- **EXERCISE AIM**
Work through the entries below and show every line in which "many" is found.

- **RECORDS FOR THIS EXERCISE**

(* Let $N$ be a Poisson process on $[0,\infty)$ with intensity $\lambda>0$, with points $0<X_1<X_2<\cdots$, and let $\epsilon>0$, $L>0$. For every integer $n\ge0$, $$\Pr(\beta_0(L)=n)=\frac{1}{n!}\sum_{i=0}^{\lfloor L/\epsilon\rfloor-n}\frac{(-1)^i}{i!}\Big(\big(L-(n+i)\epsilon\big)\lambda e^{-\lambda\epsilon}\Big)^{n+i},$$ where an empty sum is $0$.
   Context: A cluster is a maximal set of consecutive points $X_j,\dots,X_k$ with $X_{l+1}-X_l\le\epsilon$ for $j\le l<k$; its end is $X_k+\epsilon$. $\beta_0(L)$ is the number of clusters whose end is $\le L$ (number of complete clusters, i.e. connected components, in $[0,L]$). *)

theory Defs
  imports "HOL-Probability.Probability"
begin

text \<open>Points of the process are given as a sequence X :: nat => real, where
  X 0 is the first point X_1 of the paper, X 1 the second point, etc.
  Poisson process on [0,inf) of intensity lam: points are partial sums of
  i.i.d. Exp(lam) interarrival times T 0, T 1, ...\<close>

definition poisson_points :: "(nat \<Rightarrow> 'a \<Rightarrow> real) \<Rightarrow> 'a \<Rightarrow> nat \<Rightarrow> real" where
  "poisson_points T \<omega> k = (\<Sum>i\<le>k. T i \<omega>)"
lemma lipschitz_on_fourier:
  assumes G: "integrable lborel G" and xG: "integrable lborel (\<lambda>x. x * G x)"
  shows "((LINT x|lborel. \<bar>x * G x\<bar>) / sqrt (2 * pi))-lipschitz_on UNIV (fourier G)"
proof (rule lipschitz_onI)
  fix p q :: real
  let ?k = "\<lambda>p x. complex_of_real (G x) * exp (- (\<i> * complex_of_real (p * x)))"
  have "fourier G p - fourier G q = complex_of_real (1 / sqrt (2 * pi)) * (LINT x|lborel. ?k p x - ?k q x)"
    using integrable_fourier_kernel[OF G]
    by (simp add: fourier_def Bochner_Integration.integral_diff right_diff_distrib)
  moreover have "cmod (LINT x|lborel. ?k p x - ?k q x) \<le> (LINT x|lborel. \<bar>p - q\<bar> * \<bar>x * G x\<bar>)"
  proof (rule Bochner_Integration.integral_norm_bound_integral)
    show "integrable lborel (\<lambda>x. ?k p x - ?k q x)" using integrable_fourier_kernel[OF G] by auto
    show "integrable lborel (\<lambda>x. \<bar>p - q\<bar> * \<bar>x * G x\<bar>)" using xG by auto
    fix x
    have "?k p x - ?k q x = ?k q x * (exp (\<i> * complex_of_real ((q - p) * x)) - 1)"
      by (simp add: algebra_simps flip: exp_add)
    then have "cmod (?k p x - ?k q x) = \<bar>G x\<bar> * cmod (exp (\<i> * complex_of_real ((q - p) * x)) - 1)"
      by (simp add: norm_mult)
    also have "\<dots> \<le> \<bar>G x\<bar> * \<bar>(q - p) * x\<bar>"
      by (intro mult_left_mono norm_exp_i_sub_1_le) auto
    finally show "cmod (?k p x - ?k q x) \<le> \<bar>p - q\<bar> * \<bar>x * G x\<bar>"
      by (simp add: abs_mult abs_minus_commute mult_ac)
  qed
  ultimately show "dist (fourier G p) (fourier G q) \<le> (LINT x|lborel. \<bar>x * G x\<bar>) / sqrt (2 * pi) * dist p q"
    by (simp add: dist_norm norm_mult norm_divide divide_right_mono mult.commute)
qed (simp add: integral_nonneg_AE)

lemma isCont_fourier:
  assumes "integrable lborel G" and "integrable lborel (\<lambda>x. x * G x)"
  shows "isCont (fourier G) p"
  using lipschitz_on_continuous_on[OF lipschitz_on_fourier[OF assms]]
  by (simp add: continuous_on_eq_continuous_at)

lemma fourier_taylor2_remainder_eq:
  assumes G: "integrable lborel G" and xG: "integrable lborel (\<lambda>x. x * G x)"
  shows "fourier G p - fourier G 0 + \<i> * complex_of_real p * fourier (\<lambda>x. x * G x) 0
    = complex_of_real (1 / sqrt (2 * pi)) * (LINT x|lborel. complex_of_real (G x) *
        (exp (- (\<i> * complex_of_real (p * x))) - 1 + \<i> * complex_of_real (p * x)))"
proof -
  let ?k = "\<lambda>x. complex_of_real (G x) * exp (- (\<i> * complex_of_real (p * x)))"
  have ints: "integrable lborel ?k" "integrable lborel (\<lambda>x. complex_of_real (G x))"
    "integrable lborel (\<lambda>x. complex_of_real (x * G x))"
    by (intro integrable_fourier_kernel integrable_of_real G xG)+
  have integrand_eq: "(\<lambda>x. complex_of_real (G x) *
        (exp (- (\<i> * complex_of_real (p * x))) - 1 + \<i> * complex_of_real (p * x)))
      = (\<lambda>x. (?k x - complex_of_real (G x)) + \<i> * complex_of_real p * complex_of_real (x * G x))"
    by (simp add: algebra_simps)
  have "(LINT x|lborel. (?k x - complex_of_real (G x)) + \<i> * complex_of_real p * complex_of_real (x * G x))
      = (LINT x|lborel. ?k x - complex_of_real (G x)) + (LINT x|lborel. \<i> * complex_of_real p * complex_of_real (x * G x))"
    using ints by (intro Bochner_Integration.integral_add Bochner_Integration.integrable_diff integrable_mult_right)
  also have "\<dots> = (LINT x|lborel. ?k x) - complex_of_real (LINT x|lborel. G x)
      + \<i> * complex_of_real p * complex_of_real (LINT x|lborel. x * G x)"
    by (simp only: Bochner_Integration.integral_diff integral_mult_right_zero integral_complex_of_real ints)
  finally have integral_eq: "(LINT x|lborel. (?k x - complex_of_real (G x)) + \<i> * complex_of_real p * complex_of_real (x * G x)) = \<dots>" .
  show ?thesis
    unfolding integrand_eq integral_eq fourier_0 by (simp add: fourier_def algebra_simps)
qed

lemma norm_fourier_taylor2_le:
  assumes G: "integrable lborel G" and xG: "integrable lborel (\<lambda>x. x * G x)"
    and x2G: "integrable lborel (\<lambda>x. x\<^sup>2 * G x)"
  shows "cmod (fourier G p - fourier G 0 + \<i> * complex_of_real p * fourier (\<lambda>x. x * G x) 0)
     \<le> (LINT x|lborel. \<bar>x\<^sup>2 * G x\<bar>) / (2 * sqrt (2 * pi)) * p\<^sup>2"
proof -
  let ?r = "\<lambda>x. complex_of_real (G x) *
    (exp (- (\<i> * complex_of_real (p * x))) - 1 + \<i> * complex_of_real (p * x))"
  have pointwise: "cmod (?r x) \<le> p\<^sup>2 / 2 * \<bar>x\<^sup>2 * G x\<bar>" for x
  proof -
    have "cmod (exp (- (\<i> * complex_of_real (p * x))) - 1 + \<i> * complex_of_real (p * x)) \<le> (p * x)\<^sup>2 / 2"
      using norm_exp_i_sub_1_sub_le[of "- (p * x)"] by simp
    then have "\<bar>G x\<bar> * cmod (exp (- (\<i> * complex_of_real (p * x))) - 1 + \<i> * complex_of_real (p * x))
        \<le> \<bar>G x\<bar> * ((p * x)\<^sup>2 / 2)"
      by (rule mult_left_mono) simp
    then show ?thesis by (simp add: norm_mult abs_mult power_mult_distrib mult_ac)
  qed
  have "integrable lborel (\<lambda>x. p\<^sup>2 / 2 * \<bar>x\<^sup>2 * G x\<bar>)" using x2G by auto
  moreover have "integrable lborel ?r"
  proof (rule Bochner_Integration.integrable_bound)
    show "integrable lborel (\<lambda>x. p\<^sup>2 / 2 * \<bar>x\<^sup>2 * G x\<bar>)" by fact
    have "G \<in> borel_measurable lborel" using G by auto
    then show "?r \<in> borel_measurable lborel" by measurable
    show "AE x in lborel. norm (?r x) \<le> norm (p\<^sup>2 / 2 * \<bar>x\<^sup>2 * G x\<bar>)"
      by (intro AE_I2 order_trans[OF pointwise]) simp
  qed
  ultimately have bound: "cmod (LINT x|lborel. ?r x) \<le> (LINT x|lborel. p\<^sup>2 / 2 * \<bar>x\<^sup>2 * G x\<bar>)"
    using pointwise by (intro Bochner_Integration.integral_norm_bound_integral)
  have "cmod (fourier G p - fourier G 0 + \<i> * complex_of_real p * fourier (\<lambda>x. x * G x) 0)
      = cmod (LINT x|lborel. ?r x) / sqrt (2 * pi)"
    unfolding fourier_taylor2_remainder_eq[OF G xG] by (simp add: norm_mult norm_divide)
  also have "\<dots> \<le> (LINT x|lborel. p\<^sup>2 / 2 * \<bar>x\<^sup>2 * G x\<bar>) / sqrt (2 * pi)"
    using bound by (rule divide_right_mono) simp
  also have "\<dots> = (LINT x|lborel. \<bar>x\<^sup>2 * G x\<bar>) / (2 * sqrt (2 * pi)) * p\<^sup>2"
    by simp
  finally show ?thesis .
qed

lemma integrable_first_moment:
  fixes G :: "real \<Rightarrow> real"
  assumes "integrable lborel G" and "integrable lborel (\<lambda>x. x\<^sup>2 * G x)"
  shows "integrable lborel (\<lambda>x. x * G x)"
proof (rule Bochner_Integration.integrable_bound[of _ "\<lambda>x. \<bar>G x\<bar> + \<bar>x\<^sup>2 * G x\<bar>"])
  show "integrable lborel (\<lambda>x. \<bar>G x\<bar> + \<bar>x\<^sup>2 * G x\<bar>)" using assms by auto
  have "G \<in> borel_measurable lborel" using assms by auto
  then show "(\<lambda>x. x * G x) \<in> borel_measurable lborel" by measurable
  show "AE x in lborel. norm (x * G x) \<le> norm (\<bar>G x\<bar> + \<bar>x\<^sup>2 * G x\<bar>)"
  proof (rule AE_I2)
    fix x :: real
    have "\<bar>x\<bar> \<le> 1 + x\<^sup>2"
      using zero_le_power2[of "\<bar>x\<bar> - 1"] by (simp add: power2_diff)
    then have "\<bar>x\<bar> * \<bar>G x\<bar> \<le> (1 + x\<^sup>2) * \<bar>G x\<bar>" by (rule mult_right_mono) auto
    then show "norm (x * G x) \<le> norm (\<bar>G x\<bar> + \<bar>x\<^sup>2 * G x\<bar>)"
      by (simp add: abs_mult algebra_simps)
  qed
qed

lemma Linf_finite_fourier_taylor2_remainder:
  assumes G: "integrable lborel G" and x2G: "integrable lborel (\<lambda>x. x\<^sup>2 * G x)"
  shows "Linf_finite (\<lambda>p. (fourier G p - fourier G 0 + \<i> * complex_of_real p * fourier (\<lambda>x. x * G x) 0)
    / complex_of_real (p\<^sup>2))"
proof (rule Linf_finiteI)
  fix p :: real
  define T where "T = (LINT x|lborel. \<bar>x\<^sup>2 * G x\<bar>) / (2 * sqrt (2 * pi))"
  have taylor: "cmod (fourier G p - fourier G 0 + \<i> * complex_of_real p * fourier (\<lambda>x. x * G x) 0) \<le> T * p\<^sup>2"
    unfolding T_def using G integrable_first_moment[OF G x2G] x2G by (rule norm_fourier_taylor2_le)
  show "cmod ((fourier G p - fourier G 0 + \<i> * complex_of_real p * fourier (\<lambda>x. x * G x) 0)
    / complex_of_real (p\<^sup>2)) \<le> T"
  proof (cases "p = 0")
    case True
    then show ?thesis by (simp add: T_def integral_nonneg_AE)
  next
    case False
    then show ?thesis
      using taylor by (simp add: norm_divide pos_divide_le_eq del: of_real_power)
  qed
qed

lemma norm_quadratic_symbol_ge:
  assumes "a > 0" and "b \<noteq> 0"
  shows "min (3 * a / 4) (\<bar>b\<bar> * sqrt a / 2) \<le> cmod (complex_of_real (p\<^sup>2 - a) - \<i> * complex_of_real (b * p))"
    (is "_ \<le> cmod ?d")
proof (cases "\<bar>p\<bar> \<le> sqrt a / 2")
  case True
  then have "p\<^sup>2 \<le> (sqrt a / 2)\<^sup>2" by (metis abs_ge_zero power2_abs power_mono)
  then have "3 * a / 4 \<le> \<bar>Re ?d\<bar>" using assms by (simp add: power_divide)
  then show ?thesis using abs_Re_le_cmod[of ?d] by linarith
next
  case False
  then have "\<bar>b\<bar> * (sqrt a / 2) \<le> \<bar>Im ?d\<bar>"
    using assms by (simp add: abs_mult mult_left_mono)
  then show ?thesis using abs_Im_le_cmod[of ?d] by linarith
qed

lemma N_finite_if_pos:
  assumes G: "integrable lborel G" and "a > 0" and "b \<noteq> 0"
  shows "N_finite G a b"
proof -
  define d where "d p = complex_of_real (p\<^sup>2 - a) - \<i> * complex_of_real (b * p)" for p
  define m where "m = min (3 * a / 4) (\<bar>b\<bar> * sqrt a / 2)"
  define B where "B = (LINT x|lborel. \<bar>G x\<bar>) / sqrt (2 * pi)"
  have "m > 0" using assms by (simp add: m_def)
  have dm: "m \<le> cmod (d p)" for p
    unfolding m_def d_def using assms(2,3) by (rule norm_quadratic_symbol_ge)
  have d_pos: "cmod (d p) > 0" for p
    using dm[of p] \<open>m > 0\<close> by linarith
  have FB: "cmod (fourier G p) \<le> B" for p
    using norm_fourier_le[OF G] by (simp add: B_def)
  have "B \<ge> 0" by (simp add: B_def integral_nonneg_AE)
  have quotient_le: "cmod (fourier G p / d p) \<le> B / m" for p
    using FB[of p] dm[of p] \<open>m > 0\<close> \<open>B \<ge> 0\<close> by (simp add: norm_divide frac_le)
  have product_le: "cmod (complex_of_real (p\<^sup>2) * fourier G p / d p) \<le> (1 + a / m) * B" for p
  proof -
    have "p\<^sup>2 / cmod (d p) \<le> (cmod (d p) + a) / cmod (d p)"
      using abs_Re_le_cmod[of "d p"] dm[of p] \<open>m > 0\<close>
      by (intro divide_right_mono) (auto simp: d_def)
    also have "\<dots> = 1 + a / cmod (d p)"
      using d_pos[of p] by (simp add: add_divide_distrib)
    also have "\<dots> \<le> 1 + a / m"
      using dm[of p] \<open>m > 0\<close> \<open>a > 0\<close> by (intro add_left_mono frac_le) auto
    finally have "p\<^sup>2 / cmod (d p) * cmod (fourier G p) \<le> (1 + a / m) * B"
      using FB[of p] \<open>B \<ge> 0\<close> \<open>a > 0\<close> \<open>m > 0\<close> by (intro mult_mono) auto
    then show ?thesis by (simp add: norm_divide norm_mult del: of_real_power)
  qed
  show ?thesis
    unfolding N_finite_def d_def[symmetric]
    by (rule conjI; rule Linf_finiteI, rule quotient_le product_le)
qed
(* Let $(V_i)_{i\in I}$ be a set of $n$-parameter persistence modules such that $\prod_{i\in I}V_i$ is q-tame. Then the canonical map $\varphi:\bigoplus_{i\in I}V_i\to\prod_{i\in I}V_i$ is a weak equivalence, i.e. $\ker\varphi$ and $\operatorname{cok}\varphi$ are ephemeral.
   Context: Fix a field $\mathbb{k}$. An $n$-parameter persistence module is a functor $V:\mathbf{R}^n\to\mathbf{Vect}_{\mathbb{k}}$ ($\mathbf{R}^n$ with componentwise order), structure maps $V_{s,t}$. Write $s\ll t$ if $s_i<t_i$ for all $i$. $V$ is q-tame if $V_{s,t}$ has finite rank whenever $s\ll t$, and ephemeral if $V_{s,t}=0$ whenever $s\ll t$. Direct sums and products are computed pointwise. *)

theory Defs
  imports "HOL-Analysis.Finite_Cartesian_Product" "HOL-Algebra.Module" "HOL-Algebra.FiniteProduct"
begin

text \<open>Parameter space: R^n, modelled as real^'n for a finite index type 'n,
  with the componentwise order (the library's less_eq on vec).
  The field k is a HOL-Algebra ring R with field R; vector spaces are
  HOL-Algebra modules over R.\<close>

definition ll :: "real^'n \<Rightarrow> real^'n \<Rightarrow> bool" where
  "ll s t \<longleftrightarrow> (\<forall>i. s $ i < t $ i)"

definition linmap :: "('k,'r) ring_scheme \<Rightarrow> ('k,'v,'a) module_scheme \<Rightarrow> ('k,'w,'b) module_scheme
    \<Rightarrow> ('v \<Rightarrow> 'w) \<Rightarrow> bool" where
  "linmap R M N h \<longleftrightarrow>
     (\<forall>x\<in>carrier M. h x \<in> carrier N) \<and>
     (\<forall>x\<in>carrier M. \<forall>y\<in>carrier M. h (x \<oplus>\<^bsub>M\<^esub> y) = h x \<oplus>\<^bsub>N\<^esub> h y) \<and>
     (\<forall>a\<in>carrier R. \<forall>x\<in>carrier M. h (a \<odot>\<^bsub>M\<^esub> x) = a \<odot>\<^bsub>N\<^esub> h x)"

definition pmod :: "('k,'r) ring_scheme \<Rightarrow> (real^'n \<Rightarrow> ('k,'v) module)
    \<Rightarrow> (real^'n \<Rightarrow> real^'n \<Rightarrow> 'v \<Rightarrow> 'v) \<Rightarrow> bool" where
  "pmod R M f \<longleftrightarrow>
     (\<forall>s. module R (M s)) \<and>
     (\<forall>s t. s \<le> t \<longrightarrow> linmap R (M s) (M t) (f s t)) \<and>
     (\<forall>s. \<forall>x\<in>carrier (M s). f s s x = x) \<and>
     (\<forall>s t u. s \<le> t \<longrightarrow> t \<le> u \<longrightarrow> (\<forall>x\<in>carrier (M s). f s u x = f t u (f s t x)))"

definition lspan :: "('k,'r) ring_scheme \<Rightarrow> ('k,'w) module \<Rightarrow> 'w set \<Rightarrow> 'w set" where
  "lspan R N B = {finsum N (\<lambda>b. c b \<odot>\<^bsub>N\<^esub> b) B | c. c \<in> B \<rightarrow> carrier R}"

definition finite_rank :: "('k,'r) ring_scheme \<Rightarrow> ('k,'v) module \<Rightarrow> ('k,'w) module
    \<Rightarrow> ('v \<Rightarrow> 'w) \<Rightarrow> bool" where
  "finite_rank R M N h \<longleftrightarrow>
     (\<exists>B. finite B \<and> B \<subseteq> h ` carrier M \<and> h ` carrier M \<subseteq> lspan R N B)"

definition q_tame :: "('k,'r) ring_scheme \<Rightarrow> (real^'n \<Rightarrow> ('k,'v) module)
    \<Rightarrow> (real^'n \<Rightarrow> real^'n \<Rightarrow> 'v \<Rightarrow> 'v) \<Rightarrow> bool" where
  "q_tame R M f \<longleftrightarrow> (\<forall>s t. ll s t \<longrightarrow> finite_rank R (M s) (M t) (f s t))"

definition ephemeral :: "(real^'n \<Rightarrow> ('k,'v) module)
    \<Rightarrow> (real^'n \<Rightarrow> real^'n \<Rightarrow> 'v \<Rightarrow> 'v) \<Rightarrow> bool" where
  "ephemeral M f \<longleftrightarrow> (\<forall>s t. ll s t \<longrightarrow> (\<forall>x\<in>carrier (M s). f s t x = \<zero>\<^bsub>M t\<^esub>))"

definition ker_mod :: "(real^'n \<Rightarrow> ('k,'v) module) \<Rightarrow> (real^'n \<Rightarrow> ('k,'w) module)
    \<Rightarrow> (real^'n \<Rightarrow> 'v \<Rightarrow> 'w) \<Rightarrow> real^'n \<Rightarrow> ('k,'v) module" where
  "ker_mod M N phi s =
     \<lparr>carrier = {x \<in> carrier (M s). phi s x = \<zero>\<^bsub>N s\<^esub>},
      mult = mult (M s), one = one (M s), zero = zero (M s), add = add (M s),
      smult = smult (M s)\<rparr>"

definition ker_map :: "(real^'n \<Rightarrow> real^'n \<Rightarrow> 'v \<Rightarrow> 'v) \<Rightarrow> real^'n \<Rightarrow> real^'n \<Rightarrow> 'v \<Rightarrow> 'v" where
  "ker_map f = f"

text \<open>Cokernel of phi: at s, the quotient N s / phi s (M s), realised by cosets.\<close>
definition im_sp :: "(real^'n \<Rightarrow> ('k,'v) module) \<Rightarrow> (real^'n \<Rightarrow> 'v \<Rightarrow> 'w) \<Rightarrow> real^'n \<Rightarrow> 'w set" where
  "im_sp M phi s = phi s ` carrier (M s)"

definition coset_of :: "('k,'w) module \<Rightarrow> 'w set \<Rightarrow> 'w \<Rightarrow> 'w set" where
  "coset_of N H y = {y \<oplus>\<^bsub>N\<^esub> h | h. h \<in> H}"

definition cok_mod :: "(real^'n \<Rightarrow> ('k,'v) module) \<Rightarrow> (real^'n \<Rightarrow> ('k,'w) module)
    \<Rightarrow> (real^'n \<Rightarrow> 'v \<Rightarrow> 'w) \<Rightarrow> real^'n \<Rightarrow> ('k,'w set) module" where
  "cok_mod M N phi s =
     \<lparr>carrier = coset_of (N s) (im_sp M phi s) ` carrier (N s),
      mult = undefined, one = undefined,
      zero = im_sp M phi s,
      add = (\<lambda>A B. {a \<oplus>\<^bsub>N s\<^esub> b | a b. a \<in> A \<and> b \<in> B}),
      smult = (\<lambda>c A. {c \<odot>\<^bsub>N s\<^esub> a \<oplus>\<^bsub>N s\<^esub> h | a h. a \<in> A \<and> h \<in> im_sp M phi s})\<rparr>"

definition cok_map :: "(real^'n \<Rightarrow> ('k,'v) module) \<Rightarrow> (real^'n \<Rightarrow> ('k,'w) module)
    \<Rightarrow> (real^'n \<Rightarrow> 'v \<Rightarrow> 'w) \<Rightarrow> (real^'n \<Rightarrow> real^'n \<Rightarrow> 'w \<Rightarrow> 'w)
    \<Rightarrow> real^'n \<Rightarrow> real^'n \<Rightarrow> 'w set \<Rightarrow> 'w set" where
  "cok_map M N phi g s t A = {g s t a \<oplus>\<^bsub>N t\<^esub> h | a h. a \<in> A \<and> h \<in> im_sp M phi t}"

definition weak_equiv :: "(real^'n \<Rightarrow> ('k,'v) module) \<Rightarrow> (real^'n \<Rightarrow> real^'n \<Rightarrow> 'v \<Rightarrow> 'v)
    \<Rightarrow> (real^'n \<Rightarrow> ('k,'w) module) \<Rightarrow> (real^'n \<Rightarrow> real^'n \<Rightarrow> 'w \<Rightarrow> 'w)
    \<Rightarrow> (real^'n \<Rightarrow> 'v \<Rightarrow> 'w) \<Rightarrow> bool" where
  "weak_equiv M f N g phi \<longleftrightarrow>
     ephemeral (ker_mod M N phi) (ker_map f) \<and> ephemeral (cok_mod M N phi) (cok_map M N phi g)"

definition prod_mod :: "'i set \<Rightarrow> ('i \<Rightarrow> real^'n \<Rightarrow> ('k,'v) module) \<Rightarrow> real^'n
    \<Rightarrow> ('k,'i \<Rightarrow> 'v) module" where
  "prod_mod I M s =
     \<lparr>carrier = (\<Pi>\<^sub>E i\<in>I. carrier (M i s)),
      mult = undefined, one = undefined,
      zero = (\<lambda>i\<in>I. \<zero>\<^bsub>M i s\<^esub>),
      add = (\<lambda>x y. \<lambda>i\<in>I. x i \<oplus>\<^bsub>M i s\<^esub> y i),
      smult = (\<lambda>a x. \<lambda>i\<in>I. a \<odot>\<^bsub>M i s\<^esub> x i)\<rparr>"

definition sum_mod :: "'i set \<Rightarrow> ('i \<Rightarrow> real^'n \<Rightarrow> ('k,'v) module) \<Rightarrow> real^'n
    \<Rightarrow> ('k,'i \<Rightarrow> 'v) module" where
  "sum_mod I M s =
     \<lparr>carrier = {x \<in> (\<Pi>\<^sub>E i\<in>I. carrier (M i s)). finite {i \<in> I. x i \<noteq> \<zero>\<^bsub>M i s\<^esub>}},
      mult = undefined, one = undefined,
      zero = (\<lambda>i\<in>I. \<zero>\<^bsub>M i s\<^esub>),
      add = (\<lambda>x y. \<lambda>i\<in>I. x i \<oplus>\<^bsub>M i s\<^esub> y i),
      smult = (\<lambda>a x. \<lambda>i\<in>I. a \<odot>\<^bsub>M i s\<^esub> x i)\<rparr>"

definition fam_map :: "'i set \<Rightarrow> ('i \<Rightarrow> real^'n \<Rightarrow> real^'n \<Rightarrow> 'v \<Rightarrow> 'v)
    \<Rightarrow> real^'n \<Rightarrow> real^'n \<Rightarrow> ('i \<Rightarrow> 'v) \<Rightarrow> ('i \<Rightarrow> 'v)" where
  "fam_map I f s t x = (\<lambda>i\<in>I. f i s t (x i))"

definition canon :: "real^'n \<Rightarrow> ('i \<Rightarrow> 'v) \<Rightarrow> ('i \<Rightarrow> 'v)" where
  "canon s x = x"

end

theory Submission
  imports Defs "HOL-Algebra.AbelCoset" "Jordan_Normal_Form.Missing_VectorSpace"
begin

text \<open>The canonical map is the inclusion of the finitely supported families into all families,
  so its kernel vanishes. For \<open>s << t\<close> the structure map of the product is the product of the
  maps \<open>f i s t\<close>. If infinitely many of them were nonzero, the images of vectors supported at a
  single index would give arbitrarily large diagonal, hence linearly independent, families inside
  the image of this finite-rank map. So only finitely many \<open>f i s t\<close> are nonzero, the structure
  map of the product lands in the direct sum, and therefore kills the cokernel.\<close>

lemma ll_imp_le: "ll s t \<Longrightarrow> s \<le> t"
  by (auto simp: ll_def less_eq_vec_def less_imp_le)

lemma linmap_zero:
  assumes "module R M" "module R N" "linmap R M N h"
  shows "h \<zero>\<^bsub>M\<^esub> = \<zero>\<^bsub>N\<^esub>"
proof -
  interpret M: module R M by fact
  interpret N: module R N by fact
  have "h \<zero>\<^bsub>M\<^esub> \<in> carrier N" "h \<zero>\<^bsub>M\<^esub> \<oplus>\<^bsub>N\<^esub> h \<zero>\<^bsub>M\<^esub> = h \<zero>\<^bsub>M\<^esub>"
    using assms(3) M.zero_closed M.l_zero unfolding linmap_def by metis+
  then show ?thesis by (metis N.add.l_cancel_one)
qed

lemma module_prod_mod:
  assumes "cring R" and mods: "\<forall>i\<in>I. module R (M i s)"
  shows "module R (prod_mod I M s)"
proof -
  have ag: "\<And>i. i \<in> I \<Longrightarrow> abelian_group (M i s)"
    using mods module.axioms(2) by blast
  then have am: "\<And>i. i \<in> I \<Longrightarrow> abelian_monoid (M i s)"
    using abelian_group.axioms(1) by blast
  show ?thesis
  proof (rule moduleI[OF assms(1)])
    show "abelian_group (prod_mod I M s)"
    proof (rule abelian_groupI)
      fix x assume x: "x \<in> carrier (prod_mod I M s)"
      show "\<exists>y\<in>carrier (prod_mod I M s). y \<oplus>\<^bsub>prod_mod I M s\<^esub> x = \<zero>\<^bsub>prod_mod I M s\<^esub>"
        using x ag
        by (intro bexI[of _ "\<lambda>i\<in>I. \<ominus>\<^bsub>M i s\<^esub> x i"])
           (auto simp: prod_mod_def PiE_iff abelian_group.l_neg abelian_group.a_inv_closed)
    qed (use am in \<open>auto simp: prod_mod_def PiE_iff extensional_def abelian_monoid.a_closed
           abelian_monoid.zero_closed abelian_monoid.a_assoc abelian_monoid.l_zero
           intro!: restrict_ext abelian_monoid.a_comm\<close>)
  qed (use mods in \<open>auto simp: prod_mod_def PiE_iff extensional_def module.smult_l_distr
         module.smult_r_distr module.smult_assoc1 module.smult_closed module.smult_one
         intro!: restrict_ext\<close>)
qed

- **EXPECTED OUTPUT**
  maps \<open>f i s t\<close>. If infinitely many of them were nonzero, the images of vectors supported at a
  the image of this finite-rank map. So only finitely many \<open>f i s t\<close> are nonzero, the structure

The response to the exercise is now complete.